▶ **AIM OF THE EXERCISE**: What you return must be the lines of the data that hold the word "metis".

▶ **AVAILABLE RECORDS**:
::::::::

(* Let $A$ be a $\delta$-algebra, let $C_1,\dots,C_n$ be pairwise disjoint closed subsets of $\mathrm{Max}\,A$, and let $r_1,\dots,r_n\in[0,1]$. Then there exists $a\in A$ such that $\hat a(h)=r_i$ for every $i\in\{1,\dots,n\}$ and every $h\in C_i$.
   Context: An MV-algebra is an algebra $(A,\oplus,\neg,0)$ of type $(2,1,0)$ such that $(A,\oplus,0)$ is a commutative monoid, $\neg\neg a=a$, $a\oplus\neg 0=\neg 0$, and $\neg(\neg a\oplus b)\oplus b=\neg(\neg b\oplus a)\oplus a$. Derived operations: $1:=\neg 0$, $a\odot b:=\neg(\neg a\oplus\neg b)$, $a\ominus b:=a\odot\neg b$, $a\vee b:=\neg(\neg a\oplus b)\oplus b$ (join of a lattice order $\le$), $d(a,b):=(a\ominus b)\oplus(b\ominus a)$. Let $\mathcal{L}=\{\delta,\oplus,\neg,0\}$ of type $(\omega,2,1,0)$; $\tfrac12(x):=\delta(x,0,0,\dots)$. A $\delta$-algebra is an $\mathcal{L}$-algebra whose MV-reduct is an MV-algebra and satisfying for all $x,y,\vec x,\vec y$: (i) $d(\delta(\vec x),\delta(x_1,0,0,\dots))=\delta(0,x_2,x_3,\dots)$; (ii) $\tfrac12(\delta(\vec x))=\delta(\tfrac12(x_1),\tfrac12(x_2),\dots)$; (iii) $\delta(x,x,\dots)=x$; (iv) $\delta(0,\vec x)=\tfrac12(\delta(\vec x))$; (v) $\delta(\vec x)\le\delta(x_1\oplus y_1,x_2\oplus y_2,\dots)$; (vi) $\tfrac12(x\ominus y)=\tfrac12(x)\ominus\tfrac12(y)$. $[0,1]$ is the standard $\delta$-algebra with $x\oplus y=\min\{1,x+y\}$, $\neg x=1-x$, $\delta(\vec x)=\sum_i x_i/2^i$. For a $\delta$-algebra $A$, $\mathrm{Max}\,A$ is the set of MV-algebra homomorphisms $A\to[0,1]$ with the subspace topology of the product space $[0,1]^A$ (a compact Hausdorff space). For $a\in A$, $\hat a\colon\mathrm{Max}\,A\to[0,1]$ is the continuous map $\hat a(h):=h(a)$. *)

theory Defs
  imports "HOL-Analysis.Analysis"
begin

text \<open>An algebra of type (omega,2,1,0) is given by its operations on a type 'a
  (the carrier is the whole type).  Infinite sequences x_1, x_2, ... are
  represented as functions nat => 'a with x_1 at index 0.\<close>

definition mv_algebra :: "('a \<Rightarrow> 'a \<Rightarrow> 'a) \<Rightarrow> ('a \<Rightarrow> 'a) \<Rightarrow> 'a \<Rightarrow> bool" where
  "mv_algebra pl ng z \<longleftrightarrow>
     (\<forall>a b c. pl (pl a b) c = pl a (pl b c)) \<and>
     (\<forall>a b. pl a b = pl b a) \<and>
     (\<forall>a. pl a z = a) \<and>
     (\<forall>a. ng (ng a) = a) \<and>
     (\<forall>a. pl a (ng z) = ng z) \<and>
     (\<forall>a b. pl (ng (pl (ng a) b)) b = pl (ng (pl (ng b) a)) a)"
lemma gamma_closed_shift:
  "gamma_closed \<beta>0 \<beta>1 (t + real N) = gamma_closed \<beta>0 \<beta>1 t + \<beta>0 * real N"
proof -
  have "cos (2 * pi * (t + real N)) = cos (2 * pi * t + 2 * real N * pi)"
    by (simp add: algebra_simps)
  also have "\<dots> = cos (2 * pi * t)" by (simp add: cos_add sin_2npi cos_2npi)
  finally show ?thesis by (simp add: gamma_closed_def algebra_simps)
qed

lemma gamma_of_nat: "gamma \<beta>0 \<beta>1 (real N) = \<beta>0 * real N"
  using gamma_eq_gamma_closed[of "real N"] gamma_closed_shift[of \<beta>0 \<beta>1 0 N]
  by (simp add: gamma_closed_def)

lemma sum_cis_arith_progression:
  fixes k m :: nat
  assumes m: "m > 0" and nz: "real k / real m \<notin> \<int>"
  shows "(\<Sum>j<m. cis (a + real j * (2 * pi * real k / real m))) = 0"
proof -
  define \<theta> where "\<theta> = 2 * pi * real k / real m"
  have "cis \<theta> \<noteq> 1"
  proof
    assume "cis \<theta> = 1"
    then obtain q :: int where "\<theta> = real_of_int (2 * q) * pi"
      by (auto simp: cis_conv_exp exp_eq_1)
    then have "real k / real m = of_int q" using m by (simp add: \<theta>_def field_simps)
    with nz show False by (metis Ints_of_int)
  qed
  moreover have "cis \<theta> ^ m = 1"
  proof -
    have "real m * \<theta> = 2 * pi * real k" using m by (simp add: \<theta>_def)
    then have "cis \<theta> ^ m = cis (2 * pi * real k)" using Complex.DeMoivre[of \<theta> m] by metis
    also have "\<dots> = 1" by (rule cis_multiple_2pi) simp
    finally show ?thesis .
  qed
  ultimately have "(\<Sum>j<m. cis \<theta> ^ j) = 0" by (simp add: sum_gp_strict)
  moreover have "(\<Sum>j<m. cis (a + real j * \<theta>)) = cis a * (\<Sum>j<m. cis \<theta> ^ j)"
    by (simp add: sum_distrib_left Complex.DeMoivre cis_mult)
  ultimately show ?thesis by (simp add: \<theta>_def)
qed

text \<open>Rows of \<open>(x, y)\<close> as linear forms in \<open>(x, y, p\<^sub>x, p\<^sub>y)\<close>: \<open>position_block B\<close> gives them for
  the unrotated motion \<open>diag(B, B)\<close>, and \<open>quarter_turn\<close> rotates such a pair by a right angle.\<close>

definition position_block :: "real^2^2 \<Rightarrow> real^4^2" where
  "position_block B = vector [vector [B $ 1 $ 1, 0, B $ 1 $ 2, 0], vector [0, B $ 1 $ 1, 0, B $ 1 $ 2]]"

definition quarter_turn :: "real^4^2 \<Rightarrow> real^4^2" where
  "quarter_turn X = vector [X $ 2, - X $ 1]"

lemma linear_position_block: "linear position_block"
  by (rule linearI) (simp_all add: position_block_def vec_eq_iff forall_2 forall_4)

lemma linear_quarter_turn: "linear quarter_turn"
  by (rule linearI) (simp_all add: quarter_turn_def vec_eq_iff forall_2)

definition position_rows :: "real \<Rightarrow> real \<Rightarrow> (real \<Rightarrow> real^2^2) \<Rightarrow> real \<Rightarrow> real^4^2" where
  "position_rows \<beta>0 \<beta>1 b t =
     cos (gamma_closed \<beta>0 \<beta>1 t) *\<^sub>R position_block (b t)
     + sin (gamma_closed \<beta>0 \<beta>1 t) *\<^sub>R quarter_turn (position_block (b t))"

lemma u_position_rows:
  "0 \<le> t \<Longrightarrow> vector [u \<beta>0 \<beta>1 b t $ 1, u \<beta>0 \<beta>1 b t $ 2] = position_rows \<beta>0 \<beta>1 b t"
  by (simp add: u_def position_rows_def position_block_def quarter_turn_def gamma_eq_gamma_closed
      Let_def vec_eq_iff forall_2 forall_4)

lemma continuous_on_position_rows:
  assumes "solves_b \<beta>0 \<beta>1 b"
  shows "continuous_on S (position_rows \<beta>0 \<beta>1 b)"
proof -
  have "continuous_on S b"
    using assms unfolding solves_b_def
    by (meson continuous_at_imp_continuous_on has_vector_derivative_continuous)
  then have "continuous_on S (\<lambda>t. position_block (b t))"
    by (rule linear_continuous_on_compose[OF _ linear_position_block])
  moreover from this have "continuous_on S (\<lambda>t. quarter_turn (position_block (b t)))"
    by (rule linear_continuous_on_compose[OF _ linear_quarter_turn])
  moreover have "continuous_on S (gamma_closed \<beta>0 \<beta>1)"
    unfolding gamma_closed_def by (intro continuous_intros) auto
  ultimately show ?thesis
    unfolding position_rows_def by (intro continuous_intros)
qed

lemma sum_position_rows_translates:
  assumes b: "solves_b \<beta>0 \<beta>1 b" and bn: "b (real n) = mat 1"
    and phase: "\<beta>0 * real n = 2 * pi * real k / real m"
    and m: "m > 0" and nz: "real k / real m \<notin> \<int>"
  shows "(\<Sum>i<m. position_rows \<beta>0 \<beta>1 b (t + real i * real n)) = 0"
proof -
  let ?G = "gamma_closed \<beta>0 \<beta>1" and ?P = "position_block (b t)"
  let ?\<phi> = "\<lambda>i. ?G t + real i * (2 * pi * real k / real m)"
  have "position_rows \<beta>0 \<beta>1 b (t + real i * real n)
      = cos (?\<phi> i) *\<^sub>R ?P + sin (?\<phi> i) *\<^sub>R quarter_turn ?P" for i
  proof -
    have "b (t + real i * real n) = b t"
      using solves_b_periodic[OF b bn, of t i] by simp
    moreover have "?G (t + real i * real n) = ?G t + real i * (\<beta>0 * real n)"
      using gamma_closed_shift[of \<beta>0 \<beta>1 t "i * n"] by (simp add: mult.left_commute)
    ultimately show ?thesis unfolding position_rows_def phase by (simp only:)
  qed
  moreover have "(\<Sum>i<m. cos (?\<phi> i)) = 0" and "(\<Sum>i<m. sin (?\<phi> i)) = 0"
    using arg_cong[OF sum_cis_arith_progression[OF m nz, of "?G t"], of Re]
      arg_cong[OF sum_cis_arith_progression[OF m nz, of "?G t"], of Im]
    by (simp_all add: Re_sum Im_sum)
  ultimately show ?thesis by (simp add: sum.distrib flip: scaleR_sum_left)
qed

lemma integral_Icc_eq_sum_translates:
  fixes f :: "real \<Rightarrow> 'a::banach"
  assumes f: "continuous_on UNIV f" and p: "0 \<le> p"
  shows "integral {0..real m * p} f = (\<Sum>i<m. integral {0..p} (\<lambda>t. f (t + real i * p)))"
proof (induction m)
  case (Suc m)
  have "f integrable_on {0..real (Suc m) * p}"
    by (intro integrable_continuous_real continuous_on_subset[OF f]) simp
  then have "integral {0..real (Suc m) * p} f
      = integral {0..real m * p} f + integral {real m * p..real (Suc m) * p} f"
    using p by (intro Henstock_Kurzweil_Integration.integral_combine[symmetric]) (auto intro: mult_right_mono)
  also have "integral {real m * p..real (Suc m) * p} f = integral {0..p} (\<lambda>t. f (t + real m * p))"
    using integral_shift_Icc_real[of 0 p f "real m * p"] by (simp add: o_def add.commute algebra_simps)
  finally show ?case using Suc by simp
qed simp

lemma u_closes:
  assumes b: "solves_b \<beta>0 \<beta>1 b" and bn: "b (real n) = mat 1"
    and phase: "\<beta>0 * real n = 2 * pi * real k / real m" and m: "m > 0"
  shows "u \<beta>0 \<beta>1 b (real (m * n)) = mat 1"
proof -
  have "gamma \<beta>0 \<beta>1 (real (m * n)) = real m * (\<beta>0 * real n)"
    using gamma_of_nat[of \<beta>0 \<beta>1 "m * n"] by simp
  also have "\<dots> = 2 * real k * pi" using phase m by simp
  moreover have "b (real (m * n)) = mat 1"
    using solves_b_periodic[OF b bn, of 0 m] b by (simp add: solves_b_def)
  ultimately show ?thesis
    by (simp add: u_def Let_def cos_2npi sin_2npi vec_eq_iff forall_4 mat_def)
qed

lemma loop_center_closed_orbit:
  assumes b: "solves_b \<beta>0 \<beta>1 b" and bn: "b (real n) = mat 1"
    and phase: "\<beta>0 * real n = 2 * pi * real k / real m"
    and m: "m > 0" and nz: "real k / real m \<notin> \<int>"
  shows "loop_center \<beta>0 \<beta>1 b (real (m * n)) = 0"
proof -
  let ?X = "position_rows \<beta>0 \<beta>1 b"
  note cont = continuous_on_position_rows[OF b]
  have "integral {0..real m * real n} (\<lambda>t. vector [u \<beta>0 \<beta>1 b t $ 1, u \<beta>0 \<beta>1 b t $ 2])
      = integral {0..real m * real n} ?X"
    by (intro integral_cong) (simp add: u_position_rows)
  also have "\<dots> = (\<Sum>i<m. integral {0..real n} (\<lambda>t. ?X (t + real i * real n)))"
    by (rule integral_Icc_eq_sum_translates[OF cont]) simp
  also have "\<dots> = integral {0..real n} (\<lambda>t. \<Sum>i<m. ?X (t + real i * real n))"
    by (intro integral_sum[symmetric] integrable_continuous_real continuous_on_compose2[OF cont])
      (auto intro: continuous_intros)
  also have "\<dots> = 0"
    by (simp add: sum_position_rows_translates[OF b bn phase m nz])
  finally show ?thesis by (simp add: loop_center_def)
qed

::::::::

▶ **ANSWER FOR THE TASK**:
    with nz show False by (metis Ints_of_int)
    then have "cis \<theta> ^ m = cis (2 * pi * real k)" using Complex.DeMoivre[of \<theta> m] by metis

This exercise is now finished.